Activity: Pull every line that holds the word "assms" from the entries.

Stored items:
◇ ◇ ◇ ◇ ◇

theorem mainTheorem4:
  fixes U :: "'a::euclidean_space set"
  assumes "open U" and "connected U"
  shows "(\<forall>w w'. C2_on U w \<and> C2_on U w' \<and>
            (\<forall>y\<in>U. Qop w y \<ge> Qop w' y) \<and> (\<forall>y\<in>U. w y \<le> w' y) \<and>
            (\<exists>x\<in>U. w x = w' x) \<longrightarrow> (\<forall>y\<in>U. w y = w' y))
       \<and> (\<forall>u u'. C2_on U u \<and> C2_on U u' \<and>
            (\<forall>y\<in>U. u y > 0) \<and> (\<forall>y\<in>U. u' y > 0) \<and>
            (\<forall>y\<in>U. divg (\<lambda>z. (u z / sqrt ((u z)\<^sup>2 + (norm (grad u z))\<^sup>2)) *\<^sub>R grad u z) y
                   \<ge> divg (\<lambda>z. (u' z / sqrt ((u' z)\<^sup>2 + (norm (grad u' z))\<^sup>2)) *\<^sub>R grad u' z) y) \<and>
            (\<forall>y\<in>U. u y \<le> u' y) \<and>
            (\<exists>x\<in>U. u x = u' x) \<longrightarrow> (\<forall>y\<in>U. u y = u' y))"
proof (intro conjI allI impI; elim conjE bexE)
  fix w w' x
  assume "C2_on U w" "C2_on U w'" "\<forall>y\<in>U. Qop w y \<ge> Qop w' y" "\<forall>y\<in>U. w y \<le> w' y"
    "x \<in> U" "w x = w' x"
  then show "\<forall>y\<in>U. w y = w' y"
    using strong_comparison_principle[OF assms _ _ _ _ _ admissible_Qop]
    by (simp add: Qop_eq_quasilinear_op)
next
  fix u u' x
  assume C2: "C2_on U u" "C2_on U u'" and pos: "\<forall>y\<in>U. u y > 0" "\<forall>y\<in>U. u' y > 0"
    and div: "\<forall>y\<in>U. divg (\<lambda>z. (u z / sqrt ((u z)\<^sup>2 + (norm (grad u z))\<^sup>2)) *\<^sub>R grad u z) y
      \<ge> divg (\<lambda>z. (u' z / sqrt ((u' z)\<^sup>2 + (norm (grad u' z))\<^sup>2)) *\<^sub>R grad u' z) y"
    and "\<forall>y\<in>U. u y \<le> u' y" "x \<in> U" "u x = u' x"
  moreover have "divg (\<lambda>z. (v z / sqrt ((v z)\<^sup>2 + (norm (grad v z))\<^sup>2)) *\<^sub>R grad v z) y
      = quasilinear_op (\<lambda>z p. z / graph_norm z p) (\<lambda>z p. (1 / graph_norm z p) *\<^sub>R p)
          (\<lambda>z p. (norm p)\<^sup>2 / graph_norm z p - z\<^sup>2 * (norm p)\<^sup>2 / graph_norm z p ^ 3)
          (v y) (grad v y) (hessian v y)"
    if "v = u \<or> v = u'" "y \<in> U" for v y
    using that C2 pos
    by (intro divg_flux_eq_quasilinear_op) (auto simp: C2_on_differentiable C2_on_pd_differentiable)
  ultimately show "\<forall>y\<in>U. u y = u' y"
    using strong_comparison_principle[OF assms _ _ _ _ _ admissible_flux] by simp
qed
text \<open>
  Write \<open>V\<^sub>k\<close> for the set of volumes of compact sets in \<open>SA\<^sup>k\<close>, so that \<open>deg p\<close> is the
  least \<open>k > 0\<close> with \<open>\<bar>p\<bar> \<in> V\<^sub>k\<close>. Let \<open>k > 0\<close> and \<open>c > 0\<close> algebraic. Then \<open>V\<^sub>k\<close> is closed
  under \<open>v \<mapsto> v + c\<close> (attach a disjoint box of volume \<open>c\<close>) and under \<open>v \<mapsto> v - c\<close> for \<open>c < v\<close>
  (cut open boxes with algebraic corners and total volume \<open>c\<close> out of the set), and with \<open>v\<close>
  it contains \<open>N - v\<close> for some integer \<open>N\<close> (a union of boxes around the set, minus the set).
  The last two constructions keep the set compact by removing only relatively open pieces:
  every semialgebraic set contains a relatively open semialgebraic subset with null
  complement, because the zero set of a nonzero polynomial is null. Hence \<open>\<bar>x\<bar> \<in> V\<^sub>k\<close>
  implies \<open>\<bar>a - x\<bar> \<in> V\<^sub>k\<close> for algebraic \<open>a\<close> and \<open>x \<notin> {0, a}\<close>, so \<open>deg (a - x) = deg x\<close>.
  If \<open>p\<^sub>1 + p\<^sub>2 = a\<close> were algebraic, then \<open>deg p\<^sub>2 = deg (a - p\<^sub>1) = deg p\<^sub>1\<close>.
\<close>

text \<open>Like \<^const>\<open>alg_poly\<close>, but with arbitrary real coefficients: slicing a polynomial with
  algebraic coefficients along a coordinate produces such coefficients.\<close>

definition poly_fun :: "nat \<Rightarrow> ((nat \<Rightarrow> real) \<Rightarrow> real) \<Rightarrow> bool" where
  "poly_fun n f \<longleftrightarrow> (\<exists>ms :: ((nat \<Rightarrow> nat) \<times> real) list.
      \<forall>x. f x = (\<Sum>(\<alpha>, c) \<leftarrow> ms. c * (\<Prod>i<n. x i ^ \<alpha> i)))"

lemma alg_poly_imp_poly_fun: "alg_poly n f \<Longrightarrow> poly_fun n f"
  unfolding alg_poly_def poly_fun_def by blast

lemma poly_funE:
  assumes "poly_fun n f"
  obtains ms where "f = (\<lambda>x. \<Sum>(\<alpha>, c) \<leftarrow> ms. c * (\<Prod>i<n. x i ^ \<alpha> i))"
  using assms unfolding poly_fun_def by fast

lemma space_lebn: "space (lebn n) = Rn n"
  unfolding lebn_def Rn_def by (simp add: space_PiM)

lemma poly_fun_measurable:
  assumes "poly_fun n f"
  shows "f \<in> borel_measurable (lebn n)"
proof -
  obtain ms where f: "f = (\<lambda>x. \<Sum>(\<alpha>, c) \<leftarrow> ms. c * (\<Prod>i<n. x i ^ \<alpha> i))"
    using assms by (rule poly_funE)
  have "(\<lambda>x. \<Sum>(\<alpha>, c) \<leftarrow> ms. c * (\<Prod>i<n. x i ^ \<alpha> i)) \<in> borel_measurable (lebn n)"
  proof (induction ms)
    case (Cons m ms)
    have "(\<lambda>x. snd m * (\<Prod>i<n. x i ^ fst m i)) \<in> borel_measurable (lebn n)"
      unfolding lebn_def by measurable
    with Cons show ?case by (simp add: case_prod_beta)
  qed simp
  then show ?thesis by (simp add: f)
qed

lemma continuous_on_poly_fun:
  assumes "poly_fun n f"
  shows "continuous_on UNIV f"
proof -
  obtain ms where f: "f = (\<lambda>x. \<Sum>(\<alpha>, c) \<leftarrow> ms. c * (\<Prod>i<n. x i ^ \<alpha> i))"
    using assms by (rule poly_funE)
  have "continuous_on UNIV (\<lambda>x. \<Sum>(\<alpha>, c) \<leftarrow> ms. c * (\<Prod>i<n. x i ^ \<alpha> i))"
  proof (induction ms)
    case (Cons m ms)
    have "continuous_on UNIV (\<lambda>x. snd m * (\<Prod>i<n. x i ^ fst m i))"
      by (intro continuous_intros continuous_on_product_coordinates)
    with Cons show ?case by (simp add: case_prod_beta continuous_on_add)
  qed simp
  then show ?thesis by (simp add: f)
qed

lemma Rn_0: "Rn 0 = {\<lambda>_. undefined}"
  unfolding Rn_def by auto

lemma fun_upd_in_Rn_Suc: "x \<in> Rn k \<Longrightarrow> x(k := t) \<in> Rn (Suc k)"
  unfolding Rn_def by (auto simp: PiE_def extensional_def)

◇ ◇ ◇ ◇ ◇

Exercise solution:
    using strong_comparison_principle[OF assms _ _ _ _ _ admissible_Qop]
    using strong_comparison_principle[OF assms _ _ _ _ _ admissible_flux] by simp
  using assms unfolding poly_fun_def by fast
    using assms by (rule poly_funE)
    using assms by (rule poly_funE)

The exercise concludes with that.